Начинается длинное, страшное путешествие в Сибирь, с мучительными остановками и ночевками в камерах для транзитных заключенных. Стоят январские морозы. На Ирке синее демисезонное пальто, из василькового английского букле. У нее было глупое пристрастие все укорачивать по моде, а у меня ноет сердце. Руки ее выпирают из рукавов… Ехали всю дорогу окруженные одними уголовниками, покрывающими и соседей по несчастью, и конвойных отборным матом. Помню, сидя за решеткой общего купе с набитыми, как сельди в бочку, уголовниками, мы даже с надеждой поглядывали на нашу охрану. Попадались хорошие ребята, попадались и пакостные грубияны, но в случае эксцессов с нашими «собратьями»-уголовниками на охрану была единственная наша надежда. Хоть зарезать, может быть, не дадут…

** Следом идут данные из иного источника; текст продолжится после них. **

lemma DERIV_std_normal_cdf_sq_antideriv:
  "(std_normal_cdf_sq_antideriv has_real_derivative (std_normal_cdf z)\<^sup>2) (at z)"
proof -
  have "(std_normal_cdf_sq_antideriv has_real_derivative
          (std_normal_cdf z)\<^sup>2 + 2 * (std_normal_density z)\<^sup>2
          - sqrt 2 / sqrt pi * std_normal_density (z * sqrt 2)) (at z)"
    unfolding std_normal_cdf_sq_antideriv_def [abs_def]
    by (rule derivative_eq_intros refl | simp)+
       (simp add: field_simps power2_eq_square real_sqrt_mult[symmetric])
  then show ?thesis
    by (simp add: std_normal_density_sq)
qed

lemmas DERIV_std_normal_cdf_sq_antideriv_chain [derivative_intros] =
  DERIV_chain2[OF DERIV_std_normal_cdf_sq_antideriv]

lemma std_normal_density_at_bot: "(std_normal_density \<longlongrightarrow> 0) at_bot"
  unfolding std_normal_density_def by real_asymp

lemma std_normal_cdf_sq_antideriv_at_bot: "(std_normal_cdf_sq_antideriv \<longlongrightarrow> 0) at_bot"
proof -
  have "((\<lambda>z. z * (std_normal_cdf z)\<^sup>2) \<longlongrightarrow> 0) at_bot"
  proof (rule tendsto_sandwich[of "\<lambda>z. - (std_normal_density z * std_normal_cdf z)" _ _ "\<lambda>_. 0"])
    have "- (std_normal_density z * std_normal_cdf z) \<le> z * (std_normal_cdf z)\<^sup>2" if "z < 0" for z
      using mult_right_mono[OF std_normal_cdf_mills[OF that] std_normal_cdf_nonneg[of z]]
      by (simp add: power2_eq_square)
    then show "\<forall>\<^sub>F z in at_bot. - (std_normal_density z * std_normal_cdf z) \<le> z * (std_normal_cdf z)\<^sup>2"
      by (auto simp: eventually_at_bot_linorder intro!: exI[of _ "-1"])
    show "\<forall>\<^sub>F z in at_bot. z * (std_normal_cdf z)\<^sup>2 \<le> 0"
      by (auto simp: eventually_at_bot_linorder mult_nonpos_nonneg intro!: exI[of _ 0])
    show "((\<lambda>z. - (std_normal_density z * std_normal_cdf z)) \<longlongrightarrow> 0) at_bot"
      using tendsto_minus[OF tendsto_mult[OF std_normal_density_at_bot std_normal_cdf_at_bot]] by simp
  qed simp
  moreover have "((\<lambda>z. std_normal_cdf (z * sqrt 2)) \<longlongrightarrow> 0) at_bot"
    by (rule filterlim_compose[OF std_normal_cdf_at_bot]) real_asymp
  ultimately have "(std_normal_cdf_sq_antideriv \<longlongrightarrow> 0 + 2 * 0 * 0 - 0 / sqrt pi) at_bot"
    unfolding std_normal_cdf_sq_antideriv_def [abs_def]
    by (intro tendsto_intros std_normal_density_at_bot std_normal_cdf_at_bot) auto
  then show ?thesis
    by simp
qed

До сих пор не понимаю: обычная это для нашей системы лагерей неразбериха, что нас отправили в лютый Тайшет за месяц до его переселения в Мордовию, или просто садизм, но мы совершили путешествие в Сибирь для того лишь, чтобы, испытывая такие же мучения на обратном пути, переселиться опять-таки в пресловутую Потьму, политический лагерь для особо важных преступников, зашифрованный под уголовный.

Надо сказать, что путь в Мордовию был все-таки гораздо легче, чем в Тайшет. Мы там встретились, правда, с несколько измельчавшим составом интеллигентных «временно изолированных» лет на десять или на двадцать пять, но все же более к нам подходящим, чем залихватские наши попутчики.

До сих пор без внутренней дрожи не могу вспомнить, как ночью в Тайшете мы шли пешком при двадцатиградусном морозе в лагерь. Стояла неподвижная, серебряная и лунная сибирская ночь, ночь с голубыми низкорослыми тенями от молодых сибирских сосен. По обочинам дороги нежились под призрачным светом разлапистые и под луной неправдоподобно огромные поседелые северные ели. Мы шли среди настоящего тайшетского леса, зловещего и ослепительно прекрасного. Оборачиваясь назад, видели тень верховой лошади, выросшую под луной в верблюжью. Она несла нашу поклажу. Саней на станцию не выслали, конвоиры не согласились ждать, и мы в сопровождении двух призрачных теней с винтовками пустились в неведомый путь, спотыкаясь и ежась — мороз, возможно незначительный для аборигенов, нас, непривычных москвичей, пробирал до косточек. Вдруг — как в сказках — в снежной дали замелькали и приблизились огоньки. По обледенелому крыльцу посчастливилось войти в сравнительно теплый коровник, где находились ночные дежурные зэки. Нас, помню, встретила Ядя Жердинскайте, молодая литовка, за сочувствие литовским «лесным братьям» получившая десять лет. По профессии медсестра, Ядя работала в Тайшете при коровах.

вернуться

37

Защитники построили свою линию на следующих тезисах:

1. У Фельтринелли было письменное указание считать Ивинскую распорядительницей гонораров Пастернака, для чего предлагалось вызвать в суд свидетелем самого Джанджакомо, о чем он публично просил.

2. Ни один из иностранцев, привозивших Пастернаку деньги (они, собственно, и являлись контрабандистами, если ввозили советскую валюту), не был вызван в суд в качестве свидетеля. Вызови их, этот фарс бы лопнул: легко предъявить банковскую квитанцию об обмене денег — и никакой контрабанды нет, надо искать другую статью УК… Ни судья, ни заседатели (их было двое) не обратили ни малейшего внимания на линию защиты. Исполнили то, что было спущено сверху, для вида посовещавшись в соседней комнате.

В справке о реабилитации, которую нам с мамой выдали в 1988 году, сказано просто: «Получение гонораров за свои произведения из-за рубежа не является уголовным преступлением». — И.Е.